Founded by its grandfather in 1929, the company has grown to hire about 300 people in recent years -a point of pride for d -Matuk, who confronted Naysayers when he returned as a third generation that joined the family business after graduating from the Business School in Colombia in the late 1990s.
But sudden tariff costs forced the company to reduce investment of things such as new equipment and costs for discretional items such as marketing.
Despite the distinction in America to many of his products, Mr Matuk said he was expecting any benefits from tariffs, as higher costs push him to raise prices, with the move likely to weigh on sales.
“Because the materials are subject to tariffs, just like everything else, the benefits are not there,” he said.
Matuk called the current challenges that his company “demoralization in a new way” faces, since they were deliberately inflicted by government policy.
“We did all the things we had to do to invest in the industrial base of the United States when no one else was ready to do it and it’s just really disappointing that we’re punished now,” he said.

Studies on the impact of more limited tariffs imposed by Trump during his first term on manufacturers in the United States have found that small profits from jobs in protected industries, such as steel, are more than offset by losses in other companies that are dependent on parts.
But Mike Van der Ized, who runs a Vanson Leathers motorcycle jacket business, said he believed the changes this year were so destructive that it was premature to make forecasts.
G -n Van der Izv, who voted for Trump last year, is not a fan of the president’s tariffs, who this year assured his costs of about 15%.
However, he shared the president’s concerns that foreign companies can easily have access to the US market, while US companies that want to sell obstacles abroad in tariffs and other taxes.

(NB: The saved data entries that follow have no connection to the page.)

lemma NOM_share_ge_min_peak_equal_split:
  fixes \<phi> :: "'a::finite rule"
  assumes rule: "is_rule \<phi>" and opo: "own_peak_only \<phi>" and pr: "peak_responsive \<phi>"
    and nom: "NOM \<phi>" and ec: "economy R \<Omega>"
  shows "min (peak (R i)) (ereal (\<Omega> / real CARD('a))) \<le> ereal (\<phi> R \<Omega> i)"
proof (rule ccontr)
  define w where "w = \<Omega> / real CARD('a)"
  define x where "x = \<phi> R \<Omega> i"
  assume "\<not> ?thesis"
  then have "ereal x < peak (R i)" "x < w"
    unfolding x_def w_def by (simp_all add: not_le)
  then obtain Ri where Ri: "Ri \<in> SP" "peak Ri = peak (R i)"
    and better: "\<And>y. x < y \<Longrightarrow> y \<le> \<Omega> \<Longrightarrow> strict Ri (ereal y) (ereal x)"
    using exists_SP_preferring_up_to[of x "peak (R i)" \<Omega>] rule_nonneg[OF rule ec] x_def by blast
  have truthful: "\<phi> (R(i := Ri)) \<Omega> i = x"
    using opo ec Ri unfolding own_peak_only_def x_def by metis
  text \<open>Reporting peak \<open>\<infinity>\<close> guarantees at least \<open>w\<close>, which \<open>Ri\<close> prefers to \<open>x\<close>.\<close>
  have "obvious_manipulation \<phi> i Ri pref_peak_inf \<Omega>"
  proof (rule obvious_manipulationI)
    show "\<forall>j. R j \<in> SP"
      using ec by (simp add: economy_SP)
    fix R' :: "'a \<Rightarrow> pref"
    assume "\<forall>j. R' j \<in> SP"
    then have ec': "economy (R'(i := pref_peak_inf)) \<Omega>"
      using economy_pos[OF ec] pref_peak_inf_SP by (simp add: economy_def)
    have "w \<le> \<phi> (R'(i := pref_peak_inf)) \<Omega> i"
      unfolding w_def
      using peak_responsive_max_peak_share_ge[OF rule pr ec'] pref_peak_inf_SP by simp
    then show "strict Ri (ereal (\<phi> (R'(i := pref_peak_inf)) \<Omega> i)) (ereal (\<phi> (R(i := Ri)) \<Omega> i))"
      using better rule_le_endowment[OF rule ec'] truthful \<open>x < w\<close> by simp
  qed
  then show False
    using nom Ri pref_peak_inf_SP economy_pos[OF ec] unfolding NOM_def by blast
qed

lemma NOM_share_le_max_peak_equal_split:
  fixes \<phi> :: "'a::finite rule"
  assumes rule: "is_rule \<phi>" and opo: "own_peak_only \<phi>" and pr: "peak_responsive \<phi>"
    and nom: "NOM \<phi>" and ec: "economy R \<Omega>"
  shows "ereal (\<phi> R \<Omega> i) \<le> max (peak (R i)) (ereal (\<Omega> / real CARD('a)))"
proof (rule ccontr)
  define w where "w = \<Omega> / real CARD('a)"
  define x where "x = \<phi> R \<Omega> i"
  assume "\<not> ?thesis"
  then have "peak (R i) < ereal x" "w < x"
    unfolding x_def w_def by (simp_all add: not_le)
  moreover have "0 \<le> peak (R i)"
    using SP_peak_nonneg economy_SP[OF ec] by blast
  ultimately obtain q where "peak (R i) = ereal q" "0 \<le> q" "q < x"
    by (cases "peak (R i)") auto
  then obtain Ri where Ri: "Ri \<in> SP" "peak Ri = peak (R i)"
    and better: "\<And>y. 0 \<le> y \<Longrightarrow> y < x \<Longrightarrow> strict Ri (ereal y) (ereal x)"
    using exists_SP_preferring_down_to_zero[of q x] by auto
  have truthful: "\<phi> (R(i := Ri)) \<Omega> i = x"
    using opo ec Ri unfolding own_peak_only_def x_def by metis
  text \<open>Reporting peak \<open>0\<close> guarantees at most \<open>w\<close>, which \<open>Ri\<close> prefers to \<open>x\<close>.\<close>
  have "obvious_manipulation \<phi> i Ri pref_peak_zero \<Omega>"
  proof (rule obvious_manipulationI)
    show "\<forall>j. R j \<in> SP"
      using ec by (simp add: economy_SP)
    fix R' :: "'a \<Rightarrow> pref"
    assume R': "\<forall>j. R' j \<in> SP"
    then have ec': "economy (R'(i := pref_peak_zero)) \<Omega>"
      using economy_pos[OF ec] pref_peak_zero_SP by (simp add: economy_def)
    have "\<phi> (R'(i := pref_peak_zero)) \<Omega> i \<le> w"
      unfolding w_def using peak_responsive_min_peak_share_le[OF rule pr ec'] pref_peak_zero_SP
        SP_peak_nonneg R' by simp
    then show "strict Ri (ereal (\<phi> (R'(i := pref_peak_zero)) \<Omega> i)) (ereal (\<phi> (R(i := Ri)) \<Omega> i))"
      using better rule_nonneg[OF rule ec'] truthful \<open>w < x\<close> by simp
  qed
  then show False
    using nom Ri pref_peak_zero_SP economy_pos[OF ec] unfolding NOM_def by blast
qed

lemma NOM_imp_between_peaks_and_equal_split:
  fixes \<phi> :: "'a::finite rule"
  assumes "is_rule \<phi>" "own_peak_only \<phi>" "peak_responsive \<phi>" "NOM \<phi>" "economy R \<Omega>"
  shows "between_peaks_and_equal_split R \<Omega> (\<phi> R \<Omega>)"
  unfolding between_peaks_and_equal_split_def
  using NOM_share_ge_min_peak_equal_split[OF assms] NOM_share_le_max_peak_equal_split[OF assms]
  by simp

lemma NOM_if_between_peaks_and_equal_split:
  fixes \<phi> :: "'a::finite rule"
  assumes rule: "is_rule \<phi>" and pr: "peak_responsive \<phi>"
    and between: "\<And>R \<Omega>. economy R \<Omega> \<Longrightarrow> between_peaks_and_equal_split R \<Omega> (\<phi> R \<Omega>)"
  shows "NOM \<phi>"
  unfolding NOM_def
proof (intro allI impI notI)
  fix i :: 'a and Ri Ri' :: pref and \<Omega> :: real
  assume Ri: "Ri \<in> SP" and Ri': "Ri' \<in> SP" and "0 < \<Omega>"
    and manip: "obvious_manipulation \<phi> i Ri Ri' \<Omega>"
  define w where "w = \<Omega> / real CARD('a)"
  have ec: "economy (\<lambda>_. Ri') \<Omega>"
    using Ri' \<open>0 < \<Omega>\<close> by (simp add: economy_def)
  text \<open>In the unanimous profile all peaks are equal, so peak responsiveness forces
    the equal split.\<close>
  have "\<phi> (\<lambda>_. Ri') \<Omega> i = w"
    unfolding w_def
    using peak_responsive_max_peak_share_ge[OF rule pr ec]
      peak_responsive_min_peak_share_le[OF rule pr ec]
    by (intro antisym) auto
  then have "w \<in> option_set \<phi> i Ri' \<Omega>"
    unfolding option_set_def using Ri' by (auto intro!: exI[of _ "\<lambda>_. Ri'"] simp: fun_upd_idem)
  then obtain x where "x \<in> option_set \<phi> i Ri \<Omega>" and worse: "strict Ri (ereal w) (ereal x)"
    using manip unfolding obvious_manipulation_def by blast
  then obtain R where R: "\<forall>j. R j \<in> SP" and x: "x = \<phi> (R(i := Ri)) \<Omega> i"
    unfolding option_set_def by auto
  have "economy (R(i := Ri)) \<Omega>"
    using R Ri \<open>0 < \<Omega>\<close> by (simp add: economy_def)
  then have "ereal x \<in> {min (peak Ri) (ereal w)..max (peak Ri) (ereal w)}"
    using between unfolding between_peaks_and_equal_split_def x w_def by (metis fun_upd_same)
  then have "Ri (ereal x) (ereal w)"
    using SP_weakly_prefers_closer_to_peak[OF Ri] \<open>0 < \<Omega>\<close> unfolding w_def by simp
  then show False
    using worse by (simp add: strict_def)
qed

“It was a very uneven and unfair commercial route for a company like Vanson,” says G -n Van der Imple, whose business was founded in 1974 and rented more than 160 people recently in 2000, before entering China to the world order, to become the workforce to about 50.
“We should not charge them and they should not charge us in my opinion, but that will never happen,” he said.
So far, the demand for his jackets, which can be sold for thousands of dollars, is being held. He said his suppliers in the United States were reporting to perceive activity.
“We haven’t heard overtime in the textile world for 20 years!” he said. “It is difficult to be sure that you can predict what will be shaken because the changes were so dramatic.”

On the streets of the Fall River, many supporters of Trump have said they are ready to give the president to put his strategy for the test.
“We must be able to produce,” said Tom Teseira.
The 72-year-old retired transit worker voted for Trump in 2016, 2020 and 2024, who won partly from his economy message.
“I know how it was and can be improved, but it will not improve overnight,” said G -N -Teseira, who is not related to Teixeira manufacturers, adding that he is still going to notice significant price increases this year.
“In a year, if things are not more expensive, we will see.”